公演を振り返って その1 〜「椿姫」〜

しばらくぶりの更新です!

 

 

ロッシーニが若くしてオペラ作曲の筆を折った理由を問われた時に、「私は怠惰の虜になったのだよ」と答えたという逸話を何かの本で読んだことがあるのですが、誠に恐縮ですがまさにその心境でした…(すみません!)これからまた更新していきたいと思いますので、どうぞ引き続きよろしくお願い致します!

 

 

2019年の年明けからは、所属する日本オペラ振興会(藤原歌劇団/日本オペラ協会)の主催する3つの舞台に出演させて頂きましたので、ブログ再開の折にその3つをレポートします。

 

 

ますは1月27日の「ラ・トラヴィアータ(椿姫)」(東京文化会館)。藤原歌劇団にとって最も重要なレパートリーのひとつとされる演目にアルフレード役で参加出来たことは本当に光栄なことで、当団の歴代主役級テノールの方々が出演された大役を務めたことは、生涯にわたり誇りに思う経験となるでしょう。

 

 

演出は、ありがたい事にもう何年もご縁の続いている、イタリアもののスペシャリスト・粟国淳さん。
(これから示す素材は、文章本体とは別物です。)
(* Consider the upper half-space model $\mathbb{H}^3=\{(x_1,x_2,x_3)\in\mathbb{R}^3: x_3>0\}$ with metric $g=\frac{1}{x_3^2}(dx_1^2+dx_2^2+dx_3^2)$. Let $E$ be a complete end of revolution in $\mathbb{H}^3$ about the $x_3$-axis, and suppose there is $z>0$ such that $E$ is contained on the horosphere $\{x_3=z\}$, i.e. $E\subset\{x\in\mathbb{H}^3: x_3\ge z\}$. Then $E$ is parabolic.
   Context: A complete end of revolution about the $x_3$-axis is the set $E=\{(\gamma_1(s)\cos\theta,\gamma_1(s)\sin\theta,\gamma_2(s)): s\ge0,\ \theta\in[0,2\pi)\}$, where $\gamma(s)=(\gamma_1(s),0,\gamma_2(s))$, $s\in[0,\infty)$, is a smooth regular curve with $\gamma_1>0$, $\gamma_2>0$ and infinite hyperbolic length; $E$ carries the metric induced by this immersion of $[0,\infty)\times\mathbb{S}^1$. An end $E$ is parabolic if every bounded harmonic function on $E$ is determined by its boundary values. *)

theory Defs
  imports "HOL-Analysis.Analysis"
begin

definition smooth_on :: "real set \<Rightarrow> (real \<Rightarrow> real) \<Rightarrow> bool" where
  "smooth_on U f \<longleftrightarrow> open U \<and> (\<forall>n. \<forall>x\<in>U. ((deriv ^^ n) f) differentiable (at x))"

text \<open>Generating curve gamma(s) = (g1 s, 0, g2 s), s in [0,oo): smooth (on an open
  neighbourhood of [0,oo)), regular, with g1 > 0, g2 > 0, and infinite hyperbolic length.\<close>
definition hyp_length :: "(real \<Rightarrow> real) \<Rightarrow> (real \<Rightarrow> real) \<Rightarrow> real \<Rightarrow> real" where
  "hyp_length g1 g2 T =
     integral {0..T} (\<lambda>s. sqrt ((deriv g1 s)\<^sup>2 + (deriv g2 s)\<^sup>2) / g2 s)"

definition complete_end_of_revolution :: "(real \<Rightarrow> real) \<Rightarrow> (real \<Rightarrow> real) \<Rightarrow> bool" where
  "complete_end_of_revolution g1 g2 \<longleftrightarrow>
     (\<exists>U. {0..} \<subseteq> U \<and> smooth_on U g1 \<and> smooth_on U g2) \<and>
     (\<forall>s\<ge>0. (deriv g1 s)\<^sup>2 + (deriv g2 s)\<^sup>2 > 0) \<and>
     (\<forall>s\<ge>0. g1 s > 0 \<and> g2 s > 0) \<and>
     filterlim (hyp_length g1 g2) at_top at_top"

text \<open>Induced metric of the immersion (s,theta) |-> (g1 s cos theta, g1 s sin theta, g2 s)
  into the upper half-space with metric (dx1^2+dx2^2+dx3^2)/x3^2; it is diagonal:
  g_ss = |gamma'|^2 / g2^2,  g_tt = g1^2 / g2^2,  g_st = 0.\<close>
definition g_ss :: "(real \<Rightarrow> real) \<Rightarrow> (real \<Rightarrow> real) \<Rightarrow> real \<Rightarrow> real" where
  "g_ss g1 g2 s = ((deriv g1 s)\<^sup>2 + (deriv g2 s)\<^sup>2) / (g2 s)\<^sup>2"

definition g_tt :: "(real \<Rightarrow> real) \<Rightarrow> (real \<Rightarrow> real) \<Rightarrow> real \<Rightarrow> real" where
  "g_tt g1 g2 s = (g1 s)\<^sup>2 / (g2 s)\<^sup>2"

definition pd1 :: "(real \<times> real \<Rightarrow> real) \<Rightarrow> real \<times> real \<Rightarrow> real" where
  "pd1 u = (\<lambda>(s,t). deriv (\<lambda>r. u (r,t)) s)"

definition pd2 :: "(real \<times> real \<Rightarrow> real) \<Rightarrow> real \<times> real \<Rightarrow> real" where
  "pd2 u = (\<lambda>(s,t). deriv (\<lambda>r. u (s,r)) t)"

definition C2_on :: "(real \<times> real) set \<Rightarrow> (real \<times> real \<Rightarrow> real) \<Rightarrow> bool" where
  "C2_on U u \<longleftrightarrow> open U \<and>
     (\<forall>p\<in>U. u differentiable (at p) \<and> pd1 u differentiable (at p) \<and> pd2 u differentiable (at p)) \<and>
     continuous_on U (pd1 (pd1 u)) \<and> continuous_on U (pd1 (pd2 u)) \<and>
     continuous_on U (pd2 (pd1 u)) \<and> continuous_on U (pd2 (pd2 u))"

definition laplace_beltrami ::
  "(real \<Rightarrow> real) \<Rightarrow> (real \<Rightarrow> real) \<Rightarrow> (real \<times> real \<Rightarrow> real) \<Rightarrow> real \<times> real \<Rightarrow> real" where
  "laplace_beltrami g1 g2 u = (\<lambda>(s,t).
     (1 / sqrt (g_ss g1 g2 s * g_tt g1 g2 s)) *
       (pd1 (\<lambda>(r,q). sqrt (g_ss g1 g2 r * g_tt g1 g2 r) / g_ss g1 g2 r * pd1 u (r,q)) (s,t)
      + pd2 (\<lambda>(r,q). sqrt (g_ss g1 g2 r * g_tt g1 g2 r) / g_tt g1 g2 r * pd2 u (r,q)) (s,t)))"

text \<open>A function on the end E = [0,oo) x S^1 (represented as a 2pi-periodic function in theta),
  continuous up to the boundary {s = 0}, C^2 and harmonic in the interior.\<close>
definition harmonic_on_end :: "(real \<Rightarrow> real) \<Rightarrow> (real \<Rightarrow> real) \<Rightarrow> (real \<times> real \<Rightarrow> real) \<Rightarrow> bool" where
  "harmonic_on_end g1 g2 u \<longleftrightarrow>
     (\<forall>s t. u (s, t + 2 * pi) = u (s, t)) \<and>
     continuous_on ({0..} \<times> UNIV) u \<and>
     C2_on ({0<..} \<times> UNIV) u \<and>
     (\<forall>s t. s > 0 \<longrightarrow> laplace_beltrami g1 g2 u (s,t) = 0)"

definition parabolic_end :: "(real \<Rightarrow> real) \<Rightarrow> (real \<Rightarrow> real) \<Rightarrow> bool" where
  "parabolic_end g1 g2 \<longleftrightarrow>
     (\<forall>u v. harmonic_on_end g1 g2 u \<and> bounded (u ` ({0..} \<times> UNIV)) \<and>
            harmonic_on_end g1 g2 v \<and> bounded (v ` ({0..} \<times> UNIV)) \<and>
            (\<forall>t. u (0,t) = v (0,t)) \<longrightarrow>
            (\<forall>s t. s \<ge> 0 \<longrightarrow> u (s,t) = v (s,t)))"

end

theory Submission
  imports Defs
begin

text \<open>
  In the coordinates (s, \<theta>) the Laplace--Beltrami equation reads
  \<open>\<partial>\<^sub>s (A \<partial>\<^sub>s u) + B \<partial>\<^sub>\<theta>\<^sup>2 u = 0\<close> with \<open>A = \<gamma>\<^sub>1 / |\<gamma>'|\<close> and \<open>B = |\<gamma>'| / \<gamma>\<^sub>1 = 1 / A\<close>.
  Hence \<open>H(s) = \<integral>\<^sub>0\<^sup>s B\<close> is a harmonic function of s alone, and the lower bound
  \<open>\<gamma>\<^sub>2 \<ge> z\<close> makes it unbounded: if \<open>\<gamma>\<^sub>1 \<le> K\<close> then \<open>B \<ge> (z/K) |\<gamma>'|/\<gamma>\<^sub>2\<close>, so H dominates a
  multiple of the (infinite) hyperbolic length, and otherwise \<open>B \<ge> (ln \<gamma>\<^sub>1)'\<close>.
  For bounded harmonic u, v with \<open>u \<le> v\<close> on the boundary, the maximum principle on
  \<open>[0, S] \<times> S\<^sup>1\<close>, with S so large that \<open>\<epsilon> H(S)\<close> exceeds \<open>sup (u - v)\<close>, gives
  \<open>u - v \<le> \<epsilon> H\<close>; letting \<open>\<epsilon> \<rightarrow> 0\<close> yields \<open>u \<le> v\<close>.
\<close>

lemma interior_max_deriv:
  fixes \<phi> \<phi>' :: "real \<Rightarrow> real"
  assumes "a < x" "x < b"
    and max: "\<And>y. a < y \<Longrightarrow> y < b \<Longrightarrow> \<phi> y \<le> \<phi> x"
    and deriv: "\<And>y. a < y \<Longrightarrow> y < b \<Longrightarrow> (\<phi> has_real_derivative \<phi>' y) (at y)"
    and deriv2: "(\<phi>' has_real_derivative D) (at x)"
  shows "\<phi>' x = 0" and "D \<le> 0"
proof -
  show crit: "\<phi>' x = 0"
  proof (rule DERIV_local_max)
    show "(\<phi> has_real_derivative \<phi>' x) (at x)" using assms by auto
    show "0 < min (x - a) (b - x)" using assms by auto
    show "\<forall>y. \<bar>x - y\<bar> < min (x - a) (b - x) \<longrightarrow> \<phi> y \<le> \<phi> x"
      using max by (auto simp: abs_if split: if_splits)
  qed
  show "D \<le> 0"
  proof (rule ccontr)
    assume "\<not> D \<le> 0"
    then obtain d where "d > 0" and incr: "\<And>h. 0 < h \<Longrightarrow> h < d \<Longrightarrow> \<phi>' x < \<phi>' (x + h)"
      using DERIV_pos_inc_right[OF deriv2] by auto
    define y where "y = x + min d (b - x) / 2"
    have y: "x < y" "y < b" "y - x < d"
      using \<open>d > 0\<close> \<open>x < b\<close> unfolding y_def by (auto simp: min_def field_simps)
    obtain \<xi> where \<xi>: "x < \<xi>" "\<xi> < y" "\<phi> y - \<phi> x = (y - x) * \<phi>' \<xi>"
      using MVT2[of x y \<phi> \<phi>'] y deriv \<open>a < x\<close> by force
    have "\<phi>' \<xi> > 0" using incr[of "\<xi> - x"] crit \<xi> y by auto
    hence "(y - x) * \<phi>' \<xi> > 0" using \<xi> by simp
    hence "\<phi> y > \<phi> x" using \<xi>(3) by linarith
    moreover have "\<phi> y \<le> \<phi> x" using max y \<open>a < x\<close> by auto
    ultimately show False by simp
  qed
qed

lemma pd1_has_real_derivative:
  assumes "F differentiable (at (s, t))"
  shows "((\<lambda>r. F (r, t)) has_real_derivative pd1 F (s, t)) (at s)"
proof -
  have "(F \<circ> (\<lambda>r. (r, t))) differentiable (at s)"
    using assms by (intro differentiable_chain_at) (auto intro!: derivative_intros simp: differentiable_def)
  thus ?thesis unfolding pd1_def by (simp add: o_def DERIV_deriv_iff_real_differentiable)
qed

lemma pd2_has_real_derivative:
  assumes "F differentiable (at (s, t))"
  shows "((\<lambda>q. F (s, q)) has_real_derivative pd2 F (s, t)) (at t)"
proof -
  have "(F \<circ> (\<lambda>q. (s, q))) differentiable (at t)"
    using assms by (intro differentiable_chain_at) (auto intro!: derivative_intros simp: differentiable_def)
  thus ?thesis unfolding pd2_def by (simp add: o_def DERIV_deriv_iff_real_differentiable)
qed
舞台セットおよび衣装をデザインされたイタリア人のAlessandro Ciammalughiさんとのコンビでのオペラ公演としては2015年の「ファルスタッフ」以来の巡り合わせとなりました。今回もいつものように細部にまで神経の行き届いた、イタリアの伝統を汲む本格派の舞台を提供して下さいました。ヴェルディの作品に限らずですが、この作品はやはり言葉が活きてくると物語の深淵さが違いますね。粟国さんでないとできない、深掘りされた「椿姫」は出演者として至福のプレゼントでした!

 

 

指揮の佐藤正浩さんとも共演を重ねて参りました。「コジ・ファン・トゥッテ」「魔笛」「セビリャの理髪師」そして今回の「椿姫」と、その全てが自分のレパートリーの中心となる演目でご縁が続いています。寛大で包容力ある大きな指揮で、このオペラを知り尽くしていると言われる東フィルの素晴らしい音色と共に私たちを歌いやすく導いて下さいました。(余談ですが、男声合唱団・慶應ワグネルソサエティをはじめ、マエストロの男声合唱でのご活動やオペラ研修所での若手歌手へのご指導にも勝手ながらシンパシーを感じつつ、オペラと合唱、プロとアマチュアのそれぞれの橋渡しとしての佐藤さんの存在は自分にとっての指針ともなっています。)

 

 

主役のヴィオレッタは光岡暁恵さん、その素晴らしい歌声でまさにこれぞ”プリマドンナ”という舞台でした!年齢やレパートリーが近いことからこれまでも度々共演させて頂きましたが、リハーサル中も含めていつもその声から刺激を受けています。その細身のお身体に充満したエネルギーをそばで感じる幸せはアルフレード役の特権ですね、最終幕ではもうウルウルです…。本番でもひときわ盛大な拍手が光岡さんに送られていました!

 

 

最後に、この作品の持つ普遍的な魅力は絶大なものがあって、自分にとっても初めて歌った時から現在まで、時を隔てても変わらず常に最高ランクの作品であり続けています。巨匠ヴェルディの音楽の偉大さと言葉の内容の深さを噛み締めながら、たった1回の舞台を惜しみつつ丁寧に歌わせて頂きました。我が国のオペラの殿堂である東京文化会館で東フィルと共に藤原歌劇団がお届けした「椿姫」。他に変えられない、貴重な機会を与えてくれた藤原歌劇団に、心から感謝しています。